(* $\mathcal{H}^3=\left\{a+b\mathbf{j}\in\mathbb{D} : |a|+|b|\leq \frac{2}{3\sqrt{3}}\right\}$. In particular $\mathcal{H}^3$ is a square centered at the origin with side length $\frac{2\sqrt{2}}{3\sqrt{3}}$.
   Context: The hyperbolic numbers are $\mathbb{D}=\{a+b\mathbf{j} : a,b\in\mathbb{R}\}$ with $\mathbf{j}^2=1$, $\mathbf{j}\notin\mathbb{R}$, a commutative real algebra identified with $\mathbb{R}^2$ via $a+b\mathbf{j}\leftrightarrow(a,b)$, with the Euclidean norm. For $c\in\mathbb{D}$, $Q_{3,c}(z)=z^3+c$ on $\mathbb{D}$, $Q_{3,c}^m$ its $m$-fold iterate, and $\mathcal{H}^3=\{c\in\mathbb{D} : (Q_{3,c}^m(0))_{m\geq1}\text{ is bounded}\}$. *)

theory Defs
  imports "HOL-Analysis.Analysis"
begin

text \<open>Hyperbolic numbers D = {a + b j : j^2 = 1}, identified with real \<times> real via
  a + b j <-> (a, b), with the Euclidean norm of the product type.\<close>

type_synonym hyperbolic = "real \<times> real"

definition hmult :: "hyperbolic \<Rightarrow> hyperbolic \<Rightarrow> hyperbolic" where
  "hmult z w = (fst z * fst w + snd z * snd w, fst z * snd w + snd z * fst w)"

definition hcube :: "hyperbolic \<Rightarrow> hyperbolic" where
  "hcube z = hmult z (hmult z z)"

definition Q3 :: "hyperbolic \<Rightarrow> hyperbolic \<Rightarrow> hyperbolic" where
  "Q3 c z = hcube z + c"

definition H3 :: "hyperbolic set" where
  "H3 = {c. bounded (range (\<lambda>m::nat. ((Q3 c) ^^ (Suc m)) 0))}"

end

theory Submission
  imports Defs
begin

(* The hyperbolic numbers split as a product of two copies of the reals:
   for s = 1 and s = -1 the coordinate  z \<mapsto> fst z + s * snd z  is a ring homomorphism
   D \<rightarrow> R (the idempotent decomposition).  Hence the critical orbit of Q_{3,c} is determined
   by the two real orbits of  x \<mapsto> x^3 + t  started at 0, with t = c1 + c2 and t = c1 - c2,
   and it is bounded iff both real orbits are.  For real t the orbit is bounded iff
   |t| \<le> 2/(3 sqrt 3): for such t the interval [-1/sqrt 3, 1/sqrt 3] is invariant, while for
   t > 2/(3 sqrt 3) the identity  x^3 - x + 2/(3 sqrt 3) = (x - 1/sqrt 3)^2 (x + 2/sqrt 3)
   shows that each step increases the orbit by at least t - 2/(3 sqrt 3).
   The two conditions |c1 + c2| \<le> r, |c1 - c2| \<le> r together say |c1| + |c2| \<le> r. *)

primrec cubic_orbit :: "real \<Rightarrow> nat \<Rightarrow> real" where
  "cubic_orbit t 0 = 0"
| "cubic_orbit t (Suc n) = (cubic_orbit t n) ^ 3 + t"

text \<open>The map is odd in the parameter, so it suffices to study t \<ge> 0.\<close>
lemma cubic_orbit_uminus: "cubic_orbit (- t) n = - cubic_orbit t n"
  by (induction n) (auto simp: power3_eq_cube)

lemma inverse_sqrt3_cube: "(1 / sqrt 3) ^ 3 = 1 / (3 * sqrt (3::real))"
  by (simp add: power3_eq_cube mult.assoc[symmetric])

lemma cubic_orbit_bounded:
  assumes "\<bar>t\<bar> \<le> 2 / (3 * sqrt 3)"
  shows "\<bar>cubic_orbit t n\<bar> \<le> 1 / sqrt 3"
proof (induction n)
  case 0
  then show ?case by simp
next
  case (Suc n)
  have cube: "\<bar>cubic_orbit t n\<bar> ^ 3 \<le> 1 / (3 * sqrt 3)"
    using power_mono[OF Suc, of 3] by (simp add: inverse_sqrt3_cube)
  have "\<bar>cubic_orbit t (Suc n)\<bar> \<le> \<bar>cubic_orbit t n\<bar> ^ 3 + \<bar>t\<bar>"
    by (simp add: abs_triangle_ineq[THEN order_trans] power_abs[symmetric])
  also have "\<dots> \<le> 1 / (3 * sqrt 3) + 2 / (3 * sqrt 3)"
    using cube assms by linarith
  also have "\<dots> = 1 / sqrt 3"
    by (simp add: field_simps)
  finally show ?case .
qed

text \<open>The cubic x^3 - x + 2/(3 sqrt 3) has a double root at 1/sqrt 3 and no positive
  sign change; this is why 2/(3 sqrt 3) is the threshold.\<close>
lemma cubic_threshold_nonneg:
  assumes "x \<ge> 0"
  shows "x ^ 3 - x + 2 / (3 * sqrt 3) \<ge> 0"
proof -
  define s where "s = 1 / sqrt (3::real)"
  have square: "3 * s ^ 2 = 1"
    by (simp add: s_def power2_eq_square)
  have cube: "2 * s ^ 3 = 2 / (3 * sqrt 3)"
    using inverse_sqrt3_cube by (simp add: s_def)
  have "x ^ 3 - x + 2 / (3 * sqrt 3) = (x - s) ^ 2 * (x + 2 * s)"
    using square cube by (simp add: algebra_simps power2_eq_square power3_eq_cube)
  also have "\<dots> \<ge> 0"
    using assms by (simp add: s_def)
  finally show ?thesis .
qed

lemma cubic_orbit_linear_growth:
  assumes "t > 2 / (3 * sqrt 3)"
  shows "cubic_orbit t n \<ge> real n * (t - 2 / (3 * sqrt 3))"
proof (induction n)
  case 0
  then show ?case by simp
next
  case (Suc n)
  have "cubic_orbit t n \<ge> 0"
    using Suc assms by (smt (verit) mult_nonneg_nonneg of_nat_0_le_iff)
  then have "cubic_orbit t n ^ 3 + t \<ge> cubic_orbit t n + (t - 2 / (3 * sqrt 3))"
    using cubic_threshold_nonneg by fastforce
  with Suc show ?case
    by (simp add: distrib_right)
qed

lemma cubic_orbit_bounded_iff:
  "(\<exists>B. \<forall>m. \<bar>cubic_orbit t (Suc m)\<bar> \<le> B) \<longleftrightarrow> \<bar>t\<bar> \<le> 2 / (3 * sqrt 3)"
proof
  assume "\<exists>B. \<forall>m. \<bar>cubic_orbit t (Suc m)\<bar> \<le> B"
  then obtain B where B: "\<And>m. \<bar>cubic_orbit t (Suc m)\<bar> \<le> B"
    by blast
  show "\<bar>t\<bar> \<le> 2 / (3 * sqrt 3)"
  proof (rule ccontr)
    let ?\<delta> = "\<bar>t\<bar> - 2 / (3 * sqrt 3)"
    assume "\<not> \<bar>t\<bar> \<le> 2 / (3 * sqrt 3)"
    then have above: "\<bar>t\<bar> > 2 / (3 * sqrt 3)"
      by simp
    have bounded: "\<bar>cubic_orbit \<bar>t\<bar> (Suc m)\<bar> \<le> B" for m
      using B[of m] cubic_orbit_uminus[of t "Suc m"] by (cases "t \<ge> 0") auto
    obtain n where n: "B < real n * ?\<delta>"
      using reals_Archimedean3[of ?\<delta>] above by auto
    have "real n * ?\<delta> \<le> real (Suc n) * ?\<delta>"
      using above by (intro mult_right_mono) auto
    also have "\<dots> \<le> cubic_orbit \<bar>t\<bar> (Suc n)"
      by (rule cubic_orbit_linear_growth[OF above])
    also have "\<dots> \<le> B"
      using bounded[of n] by simp
    finally show False
      using n by simp
  qed
next
  assume "\<bar>t\<bar> \<le> 2 / (3 * sqrt 3)"
  then show "\<exists>B. \<forall>m. \<bar>cubic_orbit t (Suc m)\<bar> \<le> B"
    using cubic_orbit_bounded by blast
qed

definition idem_coord :: "real \<Rightarrow> hyperbolic \<Rightarrow> real" where
  "idem_coord s z = fst z + s * snd z"

lemma idem_coord_hmult:
  assumes "s ^ 2 = 1"
  shows "idem_coord s (hmult z w) = idem_coord s z * idem_coord s w"
proof -
  have "idem_coord s z * idem_coord s w
        = fst z * fst w + s ^ 2 * (snd z * snd w) + s * (fst z * snd w + snd z * fst w)"
    by (simp add: idem_coord_def algebra_simps power2_eq_square)
  then show ?thesis
    using assms by (simp add: idem_coord_def hmult_def algebra_simps)
qed

lemma idem_coord_add: "idem_coord s (z + w) = idem_coord s z + idem_coord s w"
  by (simp add: idem_coord_def algebra_simps)

lemma idem_coord_Q3_orbit:
  assumes "s ^ 2 = 1"
  shows "idem_coord s ((Q3 c ^^ m) 0) = cubic_orbit (idem_coord s c) m"
proof (induction m)
  case 0
  then show ?case by (simp add: idem_coord_def)
next
  case (Suc m)
  then show ?case
    using assms by (simp add: Q3_def hcube_def idem_coord_add idem_coord_hmult power3_eq_cube)
qed

text \<open>A family of hyperbolic numbers is bounded iff both idempotent coordinates are,
  since |z1| + |z2| \<le> 2 norm z and norm z \<le> |z1 + z2| + |z1 - z2|.\<close>
lemma bounded_range_iff_idem_coords:
  fixes f :: "'a \<Rightarrow> hyperbolic"
  shows "bounded (range f) \<longleftrightarrow>
         (\<exists>B. \<forall>x. \<bar>idem_coord 1 (f x)\<bar> \<le> B) \<and> (\<exists>B. \<forall>x. \<bar>idem_coord (-1) (f x)\<bar> \<le> B)"
proof -
  have coords_le_norm: "\<bar>fst z\<bar> + \<bar>snd z\<bar> \<le> 2 * norm z" for z :: hyperbolic
    using norm_fst_le[of "fst z" "snd z"] norm_snd_le[of "snd z" "fst z"] by simp
  have norm_le_coords: "norm z \<le> \<bar>idem_coord 1 z\<bar> + \<bar>idem_coord (-1) z\<bar>" for z :: hyperbolic
    using norm_Pair_le[of "fst z" "snd z"] by (simp add: idem_coord_def)
  show ?thesis
  proof
    assume "bounded (range f)"
    then obtain B where B: "\<And>x. norm (f x) \<le> B"
      unfolding bounded_iff by auto
    have "\<bar>idem_coord s (f x)\<bar> \<le> 2 * B" if "\<bar>s\<bar> = 1" for s x
    proof -
      have "\<bar>idem_coord s (f x)\<bar> \<le> \<bar>fst (f x)\<bar> + \<bar>snd (f x)\<bar>"
        using that abs_triangle_ineq[of "fst (f x)" "s * snd (f x)"]
        by (simp add: idem_coord_def abs_mult)
      then show ?thesis
        using coords_le_norm[of "f x"] B[of x] by linarith
    qed
    then show "(\<exists>B. \<forall>x. \<bar>idem_coord 1 (f x)\<bar> \<le> B) \<and> (\<exists>B. \<forall>x. \<bar>idem_coord (-1) (f x)\<bar> \<le> B)"
      by (metis abs_1 abs_minus)
  next
    assume "(\<exists>B. \<forall>x. \<bar>idem_coord 1 (f x)\<bar> \<le> B) \<and> (\<exists>B. \<forall>x. \<bar>idem_coord (-1) (f x)\<bar> \<le> B)"
    then obtain B1 B2 where "\<And>x. \<bar>idem_coord 1 (f x)\<bar> \<le> B1" "\<And>x. \<bar>idem_coord (-1) (f x)\<bar> \<le> B2"
      by blast
    then have "norm (f x) \<le> B1 + B2" for x
      using norm_le_coords[of "f x"] by (smt (verit))
    then show "bounded (range f)"
      unfolding bounded_iff by blast
  qed
qed

lemma H3_iff_idem_coords:
  "c \<in> H3 \<longleftrightarrow> \<bar>idem_coord 1 c\<bar> \<le> 2 / (3 * sqrt 3) \<and> \<bar>idem_coord (-1) c\<bar> \<le> 2 / (3 * sqrt 3)"
  unfolding H3_def mem_Collect_eq bounded_range_iff_idem_coords
  by (simp only: idem_coord_Q3_orbit power_one power2_minus cubic_orbit_bounded_iff)

lemma abs_add_diff_le_iff: "\<bar>a + b\<bar> \<le> r \<and> \<bar>a - b\<bar> \<le> r \<longleftrightarrow> \<bar>a\<bar> + \<bar>b\<bar> \<le> (r::real)"
  by arith

lemma H3_eq_l1_ball: "H3 = {(a, b). \<bar>a\<bar> + \<bar>b\<bar> \<le> 2 / (3 * sqrt 3)}"
  using H3_iff_idem_coords abs_add_diff_le_iff by (auto simp: idem_coord_def)

lemma convex_l1_ball: "convex {(a, b). \<bar>a\<bar> + \<bar>b\<bar> \<le> (r::real)}"
  unfolding convex_def
proof clarsimp
  fix a b a' b' u v :: real
  assume h: "\<bar>a\<bar> + \<bar>b\<bar> \<le> r" "\<bar>a'\<bar> + \<bar>b'\<bar> \<le> r" "0 \<le> u" "0 \<le> v" "u + v = 1"
  have "\<bar>u * a + v * a'\<bar> + \<bar>u * b + v * b'\<bar> \<le> u * (\<bar>a\<bar> + \<bar>b\<bar>) + v * (\<bar>a'\<bar> + \<bar>b'\<bar>)"
    using h(3,4) abs_triangle_ineq[of "u * a" "v * a'"] abs_triangle_ineq[of "u * b" "v * b'"]
    by (simp add: abs_mult algebra_simps)
  also have "\<dots> \<le> u * r + v * r"
    using h by (intro add_mono mult_left_mono) auto
  finally show "\<bar>u * a + v * a'\<bar> + \<bar>u * b + v * b'\<bar> \<le> r"
    using h(5) by (metis distrib_right mult_1)
qed

text \<open>Every point of the l1-ball of radius r is a convex combination of the four vertices
  (\<plusminus>r, 0), (0, \<plusminus>r): put weight max(\<plusminus>a, 0)/r, max(\<plusminus>b, 0)/r on the vertices
  and spread the remaining mass 1 - (|a| + |b|)/r evenly.\<close>
lemma l1_ball_subset_hull:
  fixes r :: real
  assumes r: "r > 0"
  shows "{(a, b). \<bar>a\<bar> + \<bar>b\<bar> \<le> r} \<subseteq> convex hull {(r, 0), (0, r), (-r, 0), (0, -r)}"
proof -
  have "finite {(r, 0), (0, r), (-r, 0), (0, -r)}"
    by simp
  note hull_finite = convex_hull_finite[OF this]
  show ?thesis
  proof (clarsimp simp only: hull_finite)
    fix a b :: real
    assume h: "\<bar>a\<bar> + \<bar>b\<bar> \<le> r"
    define w where "w = (1 - (\<bar>a\<bar> + \<bar>b\<bar>) / r) / 4"
    have w0: "w \<ge> 0"
      using h r by (simp add: w_def field_simps)
    define u where "u p = (if p = (r, 0) then max a 0 / r + w else if p = (0, r) then max b 0 / r + w
       else if p = (-r, 0) then max (-a) 0 / r + w else max (-b) 0 / r + w)" for p :: hyperbolic
    have distinct: "(r, 0) \<noteq> (0, r)" "(r, 0) \<noteq> (-r, 0)" "(r, 0) \<noteq> (0::real, -r)"
      "(0, r) \<noteq> (-r, 0::real)" "(0, r) \<noteq> (0::real, -r)" "(-r, 0) \<noteq> (0::real, -r)"
      using r by auto
    show "\<exists>u. (\<forall>x\<in>{(r, 0), (0, r), (- r, 0), (0, - r)}. 0 \<le> u x) \<and>
             sum u {(r, 0), (0, r), (- r, 0), (0, - r)} = 1 \<and>
             (\<Sum>x\<in>{(r, 0), (0, r), (- r, 0), (0, - r)}. u x *\<^sub>R x) = (a, b)"
    proof (intro exI[of _ u] conjI)
      show "\<forall>x\<in>{(r, 0), (0, r), (- r, 0), (0, - r)}. 0 \<le> u x"
        using w0 r by (auto simp: u_def)
      show "sum u {(r, 0), (0, r), (- r, 0), (0, - r)} = 1"
        using distinct r by (simp add: u_def w_def field_simps max_def abs_if split: if_splits)
      show "(\<Sum>x\<in>{(r, 0), (0, r), (- r, 0), (0, - r)}. u x *\<^sub>R x) = (a, b)"
        using distinct r by (simp add: u_def w_def field_simps max_def abs_if split: if_splits)
    qed
  qed
qed

lemma l1_ball_eq_convex_hull:
  fixes r :: real
  assumes "r > 0"
  shows "convex hull {(r, 0), (0, r), (-r, 0), (0, -r)} = {(a, b). \<bar>a\<bar> + \<bar>b\<bar> \<le> r}"
proof
  show "convex hull {(r, 0), (0, r), (-r, 0), (0, -r)} \<subseteq> {(a, b). \<bar>a\<bar> + \<bar>b\<bar> \<le> r}"
    using assms by (intro hull_minimal convex_l1_ball) auto
  show "{(a, b). \<bar>a\<bar> + \<bar>b\<bar> \<le> r} \<subseteq> convex hull {(r, 0), (0, r), (-r, 0), (0, -r)}"
    using l1_ball_subset_hull[OF assms] .
qed

lemma l1_ball_side_length: "(r::real) \<ge> 0 \<Longrightarrow> dist ((r, 0) :: hyperbolic) (0, r) = sqrt 2 * r"
  by (simp add: dist_Pair_Pair dist_real_def real_sqrt_mult power2_eq_square[symmetric])

theorem mainTheorem10:
  shows "H3 = {(a, b). \<bar>a\<bar> + \<bar>b\<bar> \<le> 2 / (3 * sqrt 3)}
     \<and> H3 = convex hull {(2 / (3 * sqrt 3), 0), (0, 2 / (3 * sqrt 3)),
                          (- 2 / (3 * sqrt 3), 0), (0, - 2 / (3 * sqrt 3))}
     \<and> dist ((2 / (3 * sqrt 3), 0) :: hyperbolic) (0, 2 / (3 * sqrt 3))
         = 2 * sqrt 2 / (3 * sqrt 3)"
proof (intro conjI)
  have r: "2 / (3 * sqrt 3) > (0::real)"
    by simp
  show "H3 = {(a, b). \<bar>a\<bar> + \<bar>b\<bar> \<le> 2 / (3 * sqrt 3)}"
    by (rule H3_eq_l1_ball)
  then show "H3 = convex hull {(2 / (3 * sqrt 3), 0), (0, 2 / (3 * sqrt 3)),
                               (- 2 / (3 * sqrt 3), 0), (0, - 2 / (3 * sqrt 3))}"
    using l1_ball_eq_convex_hull[OF r] by simp
  show "dist ((2 / (3 * sqrt 3), 0) :: hyperbolic) (0, 2 / (3 * sqrt 3))
         = 2 * sqrt 2 / (3 * sqrt 3)"
    using l1_ball_side_length[of "2 / (3 * sqrt 3)"] r by simp
qed

end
========
From the data above, output only the lines between the line containing "by (simp only: idem_coord_Q3_orbit" and the line containing "text \<open>Every point", inclusive, exactly as written.

  by (simp only: idem_coord_Q3_orbit power_one power2_minus cubic_orbit_bounded_iff)

lemma abs_add_diff_le_iff: "\<bar>a + b\<bar> \<le> r \<and> \<bar>a - b\<bar> \<le> r \<longleftrightarrow> \<bar>a\<bar> + \<bar>b\<bar> \<le> (r::real)"
  by arith

lemma H3_eq_l1_ball: "H3 = {(a, b). \<bar>a\<bar> + \<bar>b\<bar> \<le> 2 / (3 * sqrt 3)}"
  using H3_iff_idem_coords abs_add_diff_le_iff by (auto simp: idem_coord_def)

lemma convex_l1_ball: "convex {(a, b). \<bar>a\<bar> + \<bar>b\<bar> \<le> (r::real)}"
  unfolding convex_def
proof clarsimp
  fix a b a' b' u v :: real
  assume h: "\<bar>a\<bar> + \<bar>b\<bar> \<le> r" "\<bar>a'\<bar> + \<bar>b'\<bar> \<le> r" "0 \<le> u" "0 \<le> v" "u + v = 1"
  have "\<bar>u * a + v * a'\<bar> + \<bar>u * b + v * b'\<bar> \<le> u * (\<bar>a\<bar> + \<bar>b\<bar>) + v * (\<bar>a'\<bar> + \<bar>b'\<bar>)"
    using h(3,4) abs_triangle_ineq[of "u * a" "v * a'"] abs_triangle_ineq[of "u * b" "v * b'"]
    by (simp add: abs_mult algebra_simps)
  also have "\<dots> \<le> u * r + v * r"
    using h by (intro add_mono mult_left_mono) auto
  finally show "\<bar>u * a + v * a'\<bar> + \<bar>u * b + v * b'\<bar> \<le> r"
    using h(5) by (metis distrib_right mult_1)
qed

text \<open>Every point of the l1-ball of radius r is a convex combination of the four vertices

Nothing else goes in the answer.